Beloved! the Lord the Spirit direct your heart--your contrite heart, your sad heart, your lonely heart, your sinful heart--into the fathomless, boundless ocean of divine love, exclaiming, as you descend, "Oh! the breadth and length, the depth and height of my Savior's love! it passes knowledge, and yet it fills my soul with all the fullness of God."

There is yet one more view of God's love in Christ Jesus which the sea beautifully images--its perfect freeness. Who thinks of paying for the sea? Who dares fetter it, restricting and burdening it with a price? Such is God's love to us--it is a most free love. "I will love them FREELY." It is the full, free, spontaneous outflow of His grace to sinners, the unworthy, the needy, the poor. Away then with every thought of meriting, purchasing, working for God's pardoning love in Christ Jesus. The ocean's waves are not more unfettered, the mountain spring not more spontaneous, the winged winds not more free, than God's love to sinners, flowing through the cross of His dear Son. All the worth of angels and of saints could not deserve--and all the wealth of the universe could not purchase, one drop of this infinite ocean of God's love to man. The great gospel truth is--"By GRACE are you saved, through faith, and that not of yourselves, it is the gift of God."

Come, then, to this vast sea of love, without money and without price; linger not upon its shore, waiting for some meritorious work, some good thing in yourself, some worthy preparation and fitness before you plunge into its fullness, and drown your sins and guilt, your sorrows and needs, your doubts and fears, in its free and fathomless depths. God enjoins no worthiness, Christ looks for no fitness, the gospel imposes no terms, love asks no price, in those who approach as humble, penitent, believing sinners, casting themselves upon the Savior, and accepting as the free gift of His grace God's pardoning love in Christ Jesus.

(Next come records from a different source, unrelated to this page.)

(* Fix $J=(J_1,J_2)\in\mathbb{R}^2$ and let $S(J)=\{m\in\{1,2,3,4\}: U_m(J)=\min\{U_1(J),U_2(J),U_3(J),U_4(J)\}\}$ and $\mathcal{C}_{S(J)}=\bigcup_{m\in S(J)}\mathcal{C}_m$. Suppose that for every unit ball $b$, every configuration $\sigma_b$ on $b$ belonging to $\mathcal{C}_{S(J)}$ and every unit ball $b'$ neighbouring $b$, there exists exactly one configuration $\sigma'_{b'}$ on $b'$ belonging to $\mathcal{C}_{S(J)}$ that is compatible with $\sigma_b$. Then every ground state $a$ (equivalently, every periodic $a$ with $a_b\in\mathcal{C}_{S(J)}$ for all unit balls $b$) has period not exceeding 2.
   Context: $G_2$ is the free product of three cyclic groups of order two with generators $a_1,a_2,a_3$, identified with the vertex set $V$ of the Cayley tree of order 2 ($g,h$ adjacent iff $h=ga_i$ for some $i$); $d$ is the graph distance. A configuration $\sigma:V\to\{-1,1\}$ is periodic if there is a finite-index subgroup $G^*\subset G_2$ with $\sigma(gh)=\sigma(h)$ for all $g\in G^*,h\in G_2$; it has period not exceeding 2 if such a subgroup of index at most 2 exists. A unit ball is $b=\{y:d(x,y)\le1\}$ (center $x$ and three leaves); $a_b$ is the restriction to $b$. Two distinct unit balls are neighbours if they share an edge; configurations on neighbouring balls are compatible if they coincide on the endpoints of the common edge. A configuration on a unit ball belongs to $\mathcal{C}_1,\mathcal{C}_2,\mathcal{C}_4,\mathcal{C}_3$ according as exactly $3,2,1,0$ of its leaves carry the same value as its center. $U_1(J)=\tfrac32J_1+3J_2$, $U_2(J)=\tfrac12J_1-J_2$, $U_3(J)=-\tfrac32J_1+3J_2$, $U_4(J)=-\tfrac12J_1-J_2$ are the values on $\mathcal{C}_1,\dots,\mathcal{C}_4$ of the ball energy $U(\sigma_b)=\tfrac12J_1\sum_{\langle x,y\rangle:\,x,y\in b}\sigma(x)\sigma(y)+J_2\sum_{\{x,y\}\subset b:\,d(x,y)=2}\sigma(x)\sigma(y)$. A ground state is a periodic configuration $a$ with $U(a_b)=\min\{U_1(J),\dots,U_4(J)\}$ for every unit ball $b$. *)

theory Defs
  imports Complex_Main "HOL-Algebra.Coset" "HOL-Library.FuncSet"
begin

text \<open>Generators a1, a2, a3 of G2 = Z2 * Z2 * Z2. Elements of G2 are reduced words
 (no two consecutive equal letters); the empty word is the identity.\<close>

datatype gen = A1 | A2 | A3

fun reduced :: "gen list \<Rightarrow> bool" where
  "reduced [] = True"
| "reduced [a] = True"
| "reduced (a # b # w) = (a \<noteq> b \<and> reduced (b # w))"

definition V :: "gen list set" where
  "V = {w. reduced w}"

definition rmul :: "gen list \<Rightarrow> gen \<Rightarrow> gen list" where
  "rmul g a = (if g \<noteq> [] \<and> last g = a then butlast g else g @ [a])"

definition gmul :: "gen list \<Rightarrow> gen list \<Rightarrow> gen list" where
  "gmul g h = foldl rmul g h"

definition G2 :: "gen list monoid" where
  "G2 = \<lparr>carrier = V, mult = gmul, one = []\<rparr>"

text \<open>Graph distance on the Cayley tree: length of the reduced word g^{-1} h.\<close>
definition tdist :: "gen list \<Rightarrow> gen list \<Rightarrow> nat" where
  "tdist g h = length (gmul (rev g) h)"

definition adjacent :: "gen list \<Rightarrow> gen list \<Rightarrow> bool" where
  "adjacent g h \<longleftrightarrow> (\<exists>a. h = gmul g [a])"

definition unit_ball :: "gen list \<Rightarrow> gen list set" where
  "unit_ball x = {y \<in> V. tdist x y \<le> 1}"

definition invariant_under :: "gen list set \<Rightarrow> (gen list \<Rightarrow> int) \<Rightarrow> bool" where
  "invariant_under H \<sigma> \<longleftrightarrow> (\<forall>g\<in>H. \<forall>h\<in>V. \<sigma> (gmul g h) = \<sigma> h)"

definition periodic :: "(gen list \<Rightarrow> int) \<Rightarrow> bool" where
  "periodic \<sigma> \<longleftrightarrow> (\<exists>H. subgroup H G2 \<and> finite (rcosets\<^bsub>G2\<^esub> H) \<and> invariant_under H \<sigma>)"

definition period_le_2 :: "(gen list \<Rightarrow> int) \<Rightarrow> bool" where
  "period_le_2 \<sigma> \<longleftrightarrow> (\<exists>H. subgroup H G2 \<and> finite (rcosets\<^bsub>G2\<^esub> H)
       \<and> card (rcosets\<^bsub>G2\<^esub> H) \<le> 2 \<and> invariant_under H \<sigma>)"

definition U :: "nat \<Rightarrow> real \<Rightarrow> real \<Rightarrow> real" where
  "U m J1 J2 = (if m = 1 then 3/2 * J1 + 3 * J2
           else if m = 2 then 1/2 * J1 - J2
           else if m = 3 then - 3/2 * J1 + 3 * J2
           else - 1/2 * J1 - J2)"

definition Umin :: "real \<Rightarrow> real \<Rightarrow> real" where
  "Umin J1 J2 = Min ((\<lambda>m. U m J1 J2) ` {1,2,3,4})"

definition S :: "real \<Rightarrow> real \<Rightarrow> nat set" where
  "S J1 J2 = {m \<in> {1,2,3,4}. U m J1 J2 = Umin J1 J2}"

definition same_leaves :: "(gen list \<Rightarrow> int) \<Rightarrow> gen list \<Rightarrow> nat" where
  "same_leaves \<sigma> x = card {y \<in> unit_ball x - {x}. \<sigma> y = \<sigma> x}"

definition in_class :: "nat \<Rightarrow> (gen list \<Rightarrow> int) \<Rightarrow> gen list \<Rightarrow> bool" where
  "in_class m \<sigma> x \<longleftrightarrow> same_leaves \<sigma> x =
     (if m = 1 then 3 else if m = 2 then 2 else if m = 3 then 0 else 1)"

definition in_CS :: "real \<Rightarrow> real \<Rightarrow> (gen list \<Rightarrow> int) \<Rightarrow> gen list \<Rightarrow> bool" where
  "in_CS J1 J2 \<sigma> x \<longleftrightarrow> (\<exists>m\<in>S J1 J2. in_class m \<sigma> x)"

definition ball_energy :: "real \<Rightarrow> real \<Rightarrow> (gen list \<Rightarrow> int) \<Rightarrow> gen list \<Rightarrow> real" where
  "ball_energy J1 J2 \<sigma> x =
     1/2 * J1 * (\<Sum>e\<in>{{u, v} | u v. u \<in> unit_ball x \<and> v \<in> unit_ball x \<and> tdist u v = 1}.
                    \<Prod>w\<in>e. real_of_int (\<sigma> w))
   + J2 * (\<Sum>e\<in>{{u, v} | u v. u \<in> unit_ball x \<and> v \<in> unit_ball x \<and> tdist u v = 2}.
                    \<Prod>w\<in>e. real_of_int (\<sigma> w))"

definition ground_state :: "real \<Rightarrow> real \<Rightarrow> (gen list \<Rightarrow> int) \<Rightarrow> bool" where
  "ground_state J1 J2 a \<longleftrightarrow> a \<in> V \<rightarrow> {-1, 1} \<and> periodic a
      \<and> (\<forall>x\<in>V. ball_energy J1 J2 a x = Umin J1 J2)"

end

theory Submission
  imports Defs
begin

(* Under the unique-extension hypothesis neither C_2 nor C_4 meets C_S(J): a configuration of either
   class on the ball at the identity has two compatible continuations to the ball at a_1, differing
   by a swap of the values at the leaves a_1 a_2 and a_1 a_3. Since a ball configuration of class C_m
   has energy U_m, every ball configuration of a ground state lies in C_S(J), hence in C_1 or C_3,
   so the three leaves x a_i of each ball carry the same value. Then the value at a word depends only
   on the parity of its length, i.e. the ground state is invariant under the index-2 subgroup of
   words of even length. *)

lemma UNIV_gen: "(UNIV :: gen set) = {A1, A2, A3}"
  using gen.exhaust by auto

lemma card_Collect_gen: "card {p :: gen. P p} = length (filter P [A1, A2, A3])"
proof -
  have "P p \<longleftrightarrow> p \<in> set (filter P [A1, A2, A3])" for p
    by (cases p) auto
  then have "{p. P p} = set (filter P [A1, A2, A3])"
    by blast
  then show ?thesis
    by (simp add: distinct_card)
qed

lemma reduced_snoc: "reduced (xs @ [a]) \<longleftrightarrow> reduced xs \<and> (xs = [] \<or> last xs \<noteq> a)"
  by (induction xs rule: reduced.induct) auto

lemma reduced_butlast: "reduced xs \<Longrightarrow> reduced (butlast xs)"
  by (induction xs rule: rev_induct) (auto simp: reduced_snoc)

lemma reduced_rev: "reduced xs \<Longrightarrow> reduced (rev xs)"
proof (induction xs rule: reduced.induct)
  case (3 a b w)
  then have "reduced (rev w @ [b])"
    by simp
  then show ?case
    using 3 by (simp only: rev.simps reduced_snoc) (auto simp: last_rev)
qed auto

One thought more. Deal with God's love to you, and not with your love to God--with the fathomless depths of His love, and not with the empty shallows of yours. We shall never find Christian evidence, or derive spiritual comfort, or extract divine strength, from looking in upon ourselves--sitting and deploring the coldness of our affection to God, raking among the dead embers of our hearts for some faint spark of love to give us assurance and comfort, our sad lamentation still will be, "My leanness! my leanness." Oh! there is nothing but sin and darkness and death in our fleshly hearts. The Fall has robbed us of every particle of holiness; not a pulse of spiritual life beats there; not a spark of divine love glows there; not an atom of heavenly purity exists there. Why, then, seek streams from this dry well? Why expect purity from this foul source? Why search for flowers of grace and fruits of holiness in this sterile soil and uncultivated wilderness? In a word, why seek the living among the dead?

A greater saint than, perhaps, he who reads this page has declared, "I know that in me, that is, in my flesh, dwells no good thing." Turning aside, then, from all this corruption, darkness, and death, plunge just as you are into the infinite sea of God's love, and sink every sin and sorrow, doubt and fear, in its fathomless depths--depths of love "which the lamb may ford, and in which the elephant may swim."

Not less is the sea an emblem of THE GREAT ATONEMENT OF THE SON OF GOD. It is clearly to this truth, thus symbolized, that the prophet refers in those marvelous words, "You will cast all their sins into the depths of the sea." (Micah 7:19) The ATONING BLOOD of Christ is the sea into the depths of which all the sins of the Church are cast, which, if sought for, are never more to be found. "The blood of Christ!"--how often are these wonderful words upon our lips! yet how low our thoughts of its nature! how shallow our soundings of its depth! how cold our realizations of its preciousness! and how imperfect our experience of its power! To what shall we trace this essential defect in our personal religion? To one cause– that is, imperfect views of the exceeding sinfulness of sin. Low views of sin will ever engender low views of sin's great Atonement. Superficial apprehensions of the disease will beget superficial appreciation of the remedy. Oh! what must sin be, the removal of which required the blood-shedding of Incarnate Deity!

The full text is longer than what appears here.